Daha önce iki düşük ve bir dış gebelik hüsranı yaşayan genç
anne-baba, ‘Beren’ adını verecekleri kızlarının doğumu için gün
sayıyordu. Tam mutlu sona ulaşacakken erken doğum riskiyle aile
önce memleketleri Sakarya’da iki hastane dolaştı, ardından İstanbul
’da ‘tam teşekküllü’ üniversite hastanesi Cerrahpaşa’ya yattı.

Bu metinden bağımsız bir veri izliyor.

lemma fpolyH_diff: "fpolyH (p - q) = fpolyH p - fpolyH q"
  by (metis add_diff_cancel_right' diff_add_cancel fpolyH_add)

lemma fpolyH_pCons: "fpolyH (pCons a p) = Poly_Mapping.single [] a + H * fpolyH p"
proof -
  have "fpolyH (pCons a p)
      = (\<Sum>i\<le>Suc (degree p). Poly_Mapping.single (replicate i GH) (coeff (pCons a p) i))"
    by (rule fpolyH_eq_sum_atMost) (simp add: degree_pCons_le)
  also have "\<dots> = Poly_Mapping.single [] a
      + (\<Sum>i\<le>degree p. Poly_Mapping.single (GH # replicate i GH) (coeff p i))"
    by (subst sum.atMost_Suc_shift) simp
  also have "\<dots> = Poly_Mapping.single [] a + H * fpolyH p"
    by (simp add: fpolyH_def sum_distrib_left single_Cons_mult)
  finally show ?thesis .
qed

lemma fpolyH_const: "fpolyH [:a:] = Poly_Mapping.single [] a"
  using fpolyH_pCons[of a 0] by simp

lemma fpolyH_1: "fpolyH 1 = 1"
  by (simp add: one_pCons fpolyH_const single_Nil_one)

lemma fpolyH_X: "fpolyH [:0, 1:] = H"
  by (simp add: fpolyH_pCons fpolyH_1 flip: one_pCons)

lemma fpolyH_mult: "fpolyH (p * q) = fpolyH p * fpolyH q"
  by (induction p) (simp_all add: fpolyH_add fpolyH_smult fpolyH_pCons distrib_right mult.assoc)

lemma H_fpolyH_commute: "H * fpolyH p = fpolyH p * H"
  by (metis fpolyH_X fpolyH_mult mult.commute)

lemma fpolyH_commutation:
  assumes "H * X - X * H - Poly_Mapping.single [] c * X \<in> rel_ideal f"
  shows "X * fpolyH p - fpolyH (pcompose p [:-c, 1:]) * X \<in> rel_ideal f"
proof (induction p)
  case 0
  then show ?case by (simp add: rel_ideal.zero)
next
  case (pCons a p)
  let ?p' = "pcompose p [:-c, 1:]"
  have "fpolyH [:-c, 1:] = H - Poly_Mapping.single [] c"
    by (simp add: fpolyH_pCons fpolyH_1 single_uminus flip: one_pCons)
  then have shifted: "fpolyH (pcompose (pCons a p) [:-c, 1:])
      = Poly_Mapping.single [] a + (H - Poly_Mapping.single [] c) * fpolyH ?p'"
    by (simp only: pcompose_pCons fpolyH_add fpolyH_mult fpolyH_const)
  have "X * fpolyH (pCons a p) - fpolyH (pcompose (pCons a p) [:-c, 1:]) * X
      = - ((H * X - X * H - Poly_Mapping.single [] c * X) * fpolyH p)
        + (H - Poly_Mapping.single [] c) * (X * fpolyH p - fpolyH ?p' * X)"
    unfolding shifted fpolyH_pCons by (simp add: algebra_simps single_Nil_mult_commute)
  then show ?case
    using assms pCons.IH by (simp only:) (blast intro: rel_ideal_closure)
qed

lemma E_fpolyH_commutation: "E * fpolyH p - fpolyH (pcompose p [:-1, 1:]) * E \<in> rel_ideal f"
  using fpolyH_commutation[of E 1 f p] rels_in_rel_ideal(2) by (simp add: single_Nil_one)

lemma F_fpolyH_commutation: "F * fpolyH p - fpolyH (pcompose p [:1, 1:]) * F \<in> rel_ideal f"
  using fpolyH_commutation[of F "-1" f p] rels_in_rel_ideal(3)
  by (simp add: single_uminus single_Nil_one)

section \<open>The Casimir element\<close>

definition casimir :: "complex poly \<Rightarrow> falg" where
  "casimir u = F * E + fpolyH u"

lemma casimir_central:
  assumes antidiff: "u - pcompose u [:-1, 1:] = f"
  shows "central f (casimir u)"
proof (rule central_if_commutes_with_gens)
  fix g
  have f_image: "fpolyH f = fpolyH u - fpolyH (pcompose u [:-1, 1:])"
    by (simp flip: antidiff fpolyH_diff)
  have E_comm: "casimir u * E - E * casimir u
      = - ((E * F - F * E - fpolyH f) * E) - (E * fpolyH u - fpolyH (pcompose u [:-1, 1:]) * E)"
    unfolding casimir_def f_image by (simp add: algebra_simps)
  have "pcompose f [:1, 1:] = pcompose u [:1, 1:] - u"
    by (simp flip: antidiff add: pcompose_diff pcompose_pCons flip: pcompose_assoc)
  then have shifted_f_image: "fpolyH (pcompose f [:1, 1:]) = fpolyH (pcompose u [:1, 1:]) - fpolyH u"
    by (simp add: fpolyH_diff)
  have F_comm: "casimir u * F - F * casimir u
      = F * (E * F - F * E - fpolyH f) + (F * fpolyH f - fpolyH (pcompose f [:1, 1:]) * F)
        - (F * fpolyH u - fpolyH (pcompose u [:1, 1:]) * F)"
    unfolding casimir_def shifted_f_image by (simp add: algebra_simps)
  have H_comm: "casimir u * H - H * casimir u
      = - (F * (H * E - E * H - E)) - ((H * F - F * H + F) * E)"
    unfolding casimir_def using H_fpolyH_commute[of u] by (simp add: algebra_simps)
  show "casimir u * fgen g - fgen g * casimir u \<in> rel_ideal f"
    using rels_in_rel_ideal E_fpolyH_commutation F_fpolyH_commutation
    by (cases g) (simp_all only: E_comm F_comm H_comm, (blast intro: rel_ideal_closure)+)
qed

section \<open>Modules and Whittaker vectors\<close>

locale R_module =
  fixes f :: "complex poly" and sm :: "complex \<Rightarrow> 'v::ab_group_add \<Rightarrow> 'v"
    and rho :: "gen \<Rightarrow> 'v \<Rightarrow> 'v"
  assumes is_Rmod: "is_Rmod f sm rho"
begin

lemma scale_one [simp]: "sm 1 v = v"
  and scale_scale: "sm a (sm b v) = sm (a * b) v"
  and scale_left_distrib: "sm (a + b) v = sm a v + sm b v"
  and scale_right_distrib: "sm a (u + v) = sm a u + sm a v"
  using is_Rmod by (simp_all add: is_Rmod_def cvs_def)

lemma scale_zero_left [simp]: "sm 0 v = 0"
  using scale_left_distrib[of 0 0 v] by simp

lemma scale_zero_right [simp]: "sm a 0 = 0"
  using scale_right_distrib[of a 0 0] by simp

lemma scale_minus_one: "sm (-1) v = - v"
  using scale_left_distrib[of 1 "-1" v] by (simp add: eq_neg_iff_add_eq_0 add.commute)

lemma rho_add: "rho g (u + v) = rho g u + rho g v"
  and rho_scale: "rho g (sm a v) = sm a (rho g v)"
  using is_Rmod by (simp_all add: is_Rmod_def clin_def)

lemma rho_zero [simp]: "rho g 0 = 0"
  using rho_add[of g 0 0] by simp

lemma wact_append: "wact rho (u @ u') v = wact rho u (wact rho u' v)"
  by (induction u) auto

lemma wact_add: "wact rho u (v + v') = wact rho u v + wact rho u v'"
  by (induction u) (auto simp: rho_add)

lemma wact_scale: "wact rho u (sm a v) = sm a (wact rho u v)"
  by (induction u) (auto simp: rho_scale)

lemma wact_zero [simp]: "wact rho u 0 = 0"
  by (induction u) auto

lemma act_single: "act sm rho (Poly_Mapping.single u c) v = sm c (wact rho u v)"
  by (simp add: act_def)

lemma act_fgen: "act sm rho (fgen g) v = rho g v"
  by (simp add: fgen_def act_single)

lemma act_zero [simp]: "act sm rho 0 v = 0"
  by (simp add: act_def)

lemma act_add: "act sm rho (p + q) v = act sm rho p v + act sm rho q v"
proof -
  let ?S = "Poly_Mapping.keys p \<union> Poly_Mapping.keys q"
  have act_eq_sum: "act sm rho r v = (\<Sum>u\<in>?S. sm (Poly_Mapping.lookup r u) (wact rho u v))"
    if "Poly_Mapping.keys r \<subseteq> ?S" for r
    unfolding act_def using that by (intro sum.mono_neutral_left) (auto simp: in_keys_iff)
  show ?thesis
    using keys_add[of p q]
    by (simp add: act_eq_sum lookup_add scale_left_distrib sum.distrib)
qed

lemma act_uminus: "act sm rho (- p) v = - act sm rho p v"
  using act_add[of p "- p" v] by (simp add: eq_neg_iff_add_eq_0 add.commute)

lemma act_diff: "act sm rho (p - q) v = act sm rho p v - act sm rho q v"
  using act_add[of p "- q" v] by (simp add: act_uminus)

lemma act_vec_add: "act sm rho p (v + v') = act sm rho p v + act sm rho p v'"
  by (induction p rule: poly_mapping_induct)
    (simp_all add: act_add act_single wact_add scale_right_distrib algebra_simps)

lemma act_vec_scale: "act sm rho p (sm a v) = sm a (act sm rho p v)"
  by (induction p rule: poly_mapping_induct)
    (simp_all add: act_add act_single wact_scale scale_right_distrib scale_scale mult.commute)

lemma act_vec_zero [simp]: "act sm rho p 0 = 0"
  by (simp add: act_def)

lemma act_mult: "act sm rho (p * q) v = act sm rho p (act sm rho q v)"
proof (induction p rule: poly_mapping_induct)
  case (single u c)
  show ?case
    by (induction q rule: poly_mapping_induct)
      (simp_all add: act_single mult_single plus_list_def wact_append wact_scale scale_scale
        distrib_left act_add act_vec_add)
qed (simp_all add: distrib_right act_add)

lemma act_rel_ideal: "r \<in> rel_ideal f \<Longrightarrow> act sm rho r v = 0"
proof (induction r arbitrary: v rule: rel_ideal.induct)
  case (gen r a b)
  then have "act sm rho r v = 0" for v
    using is_Rmod by (auto simp: rels_def is_Rmod_def fmul_eq_times act_diff act_add act_mult act_fgen)
  then show ?case
    by (simp add: fmul_eq_times act_mult)
qed (simp_all add: act_add)

lemma act_eq_mod_rel_ideal: "p - q \<in> rel_ideal f \<Longrightarrow> act sm rho p v = act sm rho q v"
  using act_rel_ideal[of "p - q" v] by (simp add: act_diff)

lemma submod_act_closed: "submod sm rho S \<Longrightarrow> v \<in> S \<Longrightarrow> act sm rho p v \<in> S"
proof (induction p rule: poly_mapping_induct)
  case (single u c)
  then have "wact rho u v \<in> S"
    by (induction u) (auto simp: submod_def)
  then show ?case
    using single.prems by (simp add: submod_def act_single)
qed (simp_all add: submod_def act_add)

lemma submod_diff: "submod sm rho S \<Longrightarrow> u \<in> S \<Longrightarrow> v \<in> S \<Longrightarrow> u - v \<in> S"
  unfolding submod_def by (metis diff_conv_add_uminus scale_minus_one)

lemma cyc_subset_submod: "submod sm rho S \<Longrightarrow> v \<in> S \<Longrightarrow> cyc sm rho v \<subseteq> S"
  unfolding cyc_def using submod_act_closed by blast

Ancak üç gün hastane odasında ilgisizce bekletilen Yeliz Sevinç’in
bebeği, ‘acemice’ yapılan bir doğumda doktor neşterine kurban
gitti. Aile soluğu savcılıkta aldı. Savcı morgda yaptığı inceleme
sonucunda bebeği Adli Tıp’a sevk ederek otopsi istedi. Hastane
yönetimi ise sessiz.
ÖNCE HASTANE BULAMADILAR
Radikal gazetesinin haberine göre, Yeliz-Engin Sevinç çifti iki
düşük ve bir dış gebelikle sonuçlanan üç hamilelik denemesinden
sonra dördüncü kez bir evlat sahibi olmayı denedi. Bu sefer şans
onlardan yanaydı. Her şeyin yolunda gittiği 34 hafta geride
bırakılmıştı. 35. haftada Yeliz Sevinç’in sancısı tuttu. Hemen
Sakarya’da özel bir hastanenin yolunu tuttular. Ancak yeni doğan
yoğun bakımı tadilatta olduğu için yetkililer aileye ‘tam
teşekküllü’ bir doğumevine gitmelerini önerdi. Çift Sakarya
Doğumevi’ne başvurdu. Ancak burada da yer yoktu. Apar topar
İstanbul Üniversitesi Cerrahpaşa Tıp Fakültesi Kadın Hastalıkları
ve Doğum Bölümü’ne gittiler. Yeliz Sevinç’in 10 Ağustos Cuma günü
saat 16.00 sularında yatışı yapıldı.
AMELİYATHANE DOLU
Doktorlar önce erken doğumu engellemek ve bebeğin akciğer
gelişimini sağlamak için doğumu geciktirici iğne yaptı. Böylece üç
gün boyunca bebeğin erken doğması engellendi. 14 Ağustos günü
doktorlar Sevinç’in sezaryene alınmasına karar verdi. Ancak Sevinç
ailesinin iddialarına göre, hastane yetkilileri ameliyathanenin
dolu olduğunu ve beklemek gerektiğini söyledi.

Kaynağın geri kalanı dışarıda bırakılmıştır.